President Teddy Roosevelt championed the redesign of American coinage – from the gold Indian series to the St. Gaudens $20 gold Double Eagles. He was a man of action in many areas. He created a strong U.S. Navy fleet, which sailed around the world as a show of American strength. He lived by the motto “speak softly and carry a big stick.”
He also said: “Don’t hit at all if you can help it; don’t hit a man if you can possibly avoid it; but if you do hit him, put him to sleep.”
In light of the recent terrorist attacks in Paris, Mali and elsewhere, President Obama’s previous posture of dismissing ISIS as a “junior varsity” team rings hollow.
On November 13, early on the very day that ISIS terrorists attacked Paris, the President explained to ABC’s Good Morning America host George Stephanopoulos that “we have contained” ISIS.
President Roosevelt would not have dismissed or minimized the enemy so glibly.

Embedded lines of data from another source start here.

(* For $d\in[6.74,7.5]$ let $x(3,d)$ be the unique solution of $\Psi_d(x)=x$ in $[\frac38,\frac12]$ and set $\Phi^\star(d)=\Phi_3(d,x(3,d))$. Then $d\mapsto\Phi^\star(d)$ is continuous on $[6.74,7.5]$, $\Phi^\star(6.74)>0$ and $\Phi^\star(7.5)<0$.
   Context: $\hat\Psi(x)=\frac{1-2x^{2}}{1-x^{2}}$, $\dot\Psi(v)=\frac{1-v^{d-1}}{2-v^{d-1}}$, $\Psi_d=\dot\Psi\circ\hat\Psi$; $\Phi_3(d,x)=-\log(1-x)-d(\frac23-d^{-1})\log(1-2x^3)+(d-1)\log(1-x^{2})$. (Existence and uniqueness of $x(3,d)$ for these $d$ is known.) *)

theory Defs
  imports "HOL-Analysis.Analysis"
begin

definition Psi_hat :: "real \<Rightarrow> real" where
  "Psi_hat x = (1 - 2 * x^2) / (1 - x^2)"

definition Psi_dot :: "real \<Rightarrow> real \<Rightarrow> real" where
  "Psi_dot d v = (1 - v powr (d - 1)) / (2 - v powr (d - 1))"

definition Psi :: "real \<Rightarrow> real \<Rightarrow> real" where
  "Psi d x = Psi_dot d (Psi_hat x)"

definition Phi3 :: "real \<Rightarrow> real \<Rightarrow> real" where
  "Phi3 d x = - ln (1 - x) - d * (2/3 - 1/d) * ln (1 - 2 * x^3) + (d - 1) * ln (1 - x^2)"

definition xfix :: "real \<Rightarrow> real" where
  "xfix d = (THE x. x \<in> {3/8..1/2} \<and> Psi d x = x)"

definition Phi_star :: "real \<Rightarrow> real" where
  "Phi_star d = Phi3 d (xfix d)"

end

theory Submission
  imports Defs
begin

text \<open>
  The graph of \<open>d \<mapsto> x(3,d)\<close> is the zero set of the continuous map
  \<open>(d, x) \<mapsto> \<Psi>\<^sub>d(x) - x\<close> on a compact box, hence closed; a map into a compact set with
  closed graph is continuous, and so is \<open>\<Phi>\<^sup>\<star>\<close>.
  For the signs, the intermediate value theorem together with uniqueness traps \<open>x(3,6.74)\<close> in
  \<open>[25/56, 1/2]\<close> and \<open>x(3,7.5)\<close> in \<open>[15/32, 8/17]\<close>. On the first interval
  \<open>\<Phi>\<^sub>3(6.74, \<cdot>)\<close> is increasing and positive at the left end; on the second, bounding each
  logarithm in \<open>\<Phi>\<^sub>3(7.5, \<cdot>)\<close> monotonically gives a negative upper bound. Every
  numerical comparison with a rational power \<open>v powr (p/q)\<close> is decided by raising both sides to
  the \<open>q\<close>-th power.
\<close>

lemma continuous_on_unique_fixpoint:
  fixes f :: "'a::euclidean_space \<Rightarrow> 'b::euclidean_space \<Rightarrow> 'b"
  assumes "closed S" "compact T"
    and f: "continuous_on (S \<times> T) (\<lambda>p. f (fst p) (snd p))"
    and g: "\<And>x. x \<in> S \<Longrightarrow> g x \<in> T \<and> f x (g x) = g x"
    and unique: "\<And>x y. x \<in> S \<Longrightarrow> y \<in> T \<Longrightarrow> f x y = y \<Longrightarrow> g x = y"
  shows "continuous_on S g"
proof (rule continuous_from_closed_graph)
  have "(\<lambda>x. (x, g x)) ` S = {p \<in> S \<times> T. f (fst p) (snd p) - snd p = 0}"
    using g unique by force
  moreover have "closed (S \<times> T)"
    using assms by (simp add: closed_Times compact_imp_closed)
  then have "closed {p \<in> S \<times> T. f (fst p) (snd p) - snd p = 0}"
    using f by (intro continuous_closed_preimage_constant continuous_intros)
  ultimately show "closed ((\<lambda>x. (x, g x)) ` S)"
    by simp
qed (use assms in auto)

lemma fixpoint_between:
  fixes f :: "real \<Rightarrow> real"
  assumes "continuous_on {a..b} f" "a \<le> b" "a \<le> f a" "f b \<le> b"
  shows "\<exists>x\<in>{a..b}. f x = x"
proof -
  have "continuous_on {a..b} (\<lambda>x. f x - x)"
    using assms(1) by (intro continuous_intros)
  then obtain x where "a \<le> x" "x \<le> b" "f x - x = 0"
    using IVT2'[of "\<lambda>x. f x - x" b 0 a] assms by auto
  then show ?thesis
    by auto
qed

lemma powr_rat_power:
  fixes x :: real
  assumes "0 < x" "0 < q"
  shows "(x powr (real p / real q)) ^ q = x ^ p"
  using assms by (simp add: powr_realpow [symmetric] powr_powr)

lemma powr_rat_le_iff:
  fixes x r :: real
  assumes "0 < x" "0 \<le> r" "0 < q"
  shows "x powr (real p / real q) \<le> r \<longleftrightarrow> x ^ p \<le> r ^ q"
  using assms powr_rat_power [OF assms(1,3), of p] by (metis power_mono_iff powr_ge_zero)

lemma powr_rat_ge_iff:
  fixes x r :: real
  assumes "0 < x" "0 \<le> r" "0 < q"
  shows "r \<le> x powr (real p / real q) \<longleftrightarrow> r ^ q \<le> x ^ p"
  using assms powr_rat_power [OF assms(1,3), of p] by (metis power_mono_iff powr_ge_zero)

lemma powr_nat_add:
  fixes v :: real
  assumes "0 < v"
  shows "v powr (real n + e) = v ^ n * v powr e"
  using assms by (simp add: powr_add powr_realpow)

lemma square_le_quarter:
  fixes x :: real
  assumes "0 \<le> x" "x \<le> 1/2"
  shows "x\<^sup>2 \<le> 1/4"
  using power_mono[OF assms(2,1), of 2] by (simp add: power_divide)

lemma Phi3_log_args_pos:
  fixes x :: real
  assumes "0 \<le> x" "x \<le> 1/2"
  shows "0 < 1 - x" "0 < 1 - x\<^sup>2" "0 < 1 - 2 * x ^ 3"
proof -
  have "x ^ 3 \<le> (1/2) ^ 3"
    using assms by (intro power_mono) auto
  then show "0 < 1 - x" "0 < 1 - x\<^sup>2" "0 < 1 - 2 * x ^ 3"
    using square_le_quarter[OF assms] assms by (simp_all add: power_divide)
qed

lemma Psi_hat_bounds:
  assumes "0 < x" "x \<le> 1/2"
  shows "0 < Psi_hat x" "Psi_hat x < 1"
  using square_le_quarter[of x] assms by (auto simp: Psi_hat_def divide_simps)

lemma Psi_hat_powr_bounds:
  assumes "1 \<le> d" "0 < x" "x \<le> 1/2"
  shows "0 < Psi_hat x powr (d - 1)" "Psi_hat x powr (d - 1) \<le> 1"
  using Psi_hat_bounds[OF assms(2,3)] assms(1) by (auto intro: powr_le1)

lemma continuous_on_Psi:
  "continuous_on ({1..} \<times> {0<..1/2}) (\<lambda>p. Psi (fst p) (snd p))"
proof -
  let ?D = "{1..} \<times> {0<..1/2} :: (real \<times> real) set"
  have denom: "1 - (snd p)\<^sup>2 \<noteq> 0" if "p \<in> ?D" for p
    using Phi3_log_args_pos(2)[of "snd p"] that by auto
  have Psi_hat_cont: "continuous_on ?D (\<lambda>p. Psi_hat (snd p))"
    unfolding Psi_hat_def by (intro continuous_intros ballI denom)
  have Psi_hat_nz: "Psi_hat (snd p) \<noteq> 0" if "p \<in> ?D" for p
    using Psi_hat_bounds[of "snd p"] that by auto
  have denom2: "2 - Psi_hat (snd p) powr (fst p - 1) \<noteq> 0" if "p \<in> ?D" for p
    using Psi_hat_powr_bounds[of "fst p" "snd p"] that by auto
  show ?thesis
    unfolding Psi_def Psi_dot_def
    by (intro continuous_intros ballI Psi_hat_cont Psi_hat_nz denom2)
qed

lemma Psi_le_half:
  assumes "1 \<le> d" "0 < x" "x \<le> 1/2"
  shows "Psi d x \<le> 1/2"
  using Psi_hat_powr_bounds[OF assms] by (simp add: Psi_def Psi_dot_def divide_simps)

lemma le_Psi_dot_iff:
  assumes "v powr (d - 1) < 2"
  shows "x \<le> Psi_dot d v \<longleftrightarrow> v powr (d - 1) * (1 - x) \<le> 1 - 2 * x"
  using assms by (simp add: Psi_dot_def divide_simps) (simp add: algebra_simps)

lemma Psi_dot_le_iff:
  assumes "v powr (d - 1) < 2"
  shows "Psi_dot d v \<le> x \<longleftrightarrow> 1 - 2 * x \<le> v powr (d - 1) * (1 - x)"
  using assms by (simp add: Psi_dot_def divide_simps) (simp add: algebra_simps)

In defining the office of the presidency, he gave good advice to our current leaders and future Presidents:
“The President is merely the most important among a large number of public servants. He should be supported or opposed exactly to the degree which is warranted by his good conduct or bad conduct, his efficiency or inefficiency in rendering loyal, able, and disinterested service to the Nation as a whole. Therefore it is absolutely necessary that there should be full liberty to tell the truth about his acts, and this means that it is exactly as necessary to blame him when he does wrong as to praise him when he does right. Any other attitude in an American citizen is both base and servile. To announce that there must be no criticism of the President, or that all are to stand by the President, right or wrong, is not only unpatriotic and servile, but is morally treasonable to the American public. Nothing but the truth should be spoken about him or anyone else. But it is even more important to tell the truth, pleasant or unpleasant, about him than about anyone else.”
The current aspirants to the presidency should remember those words during the 2016 election campaign.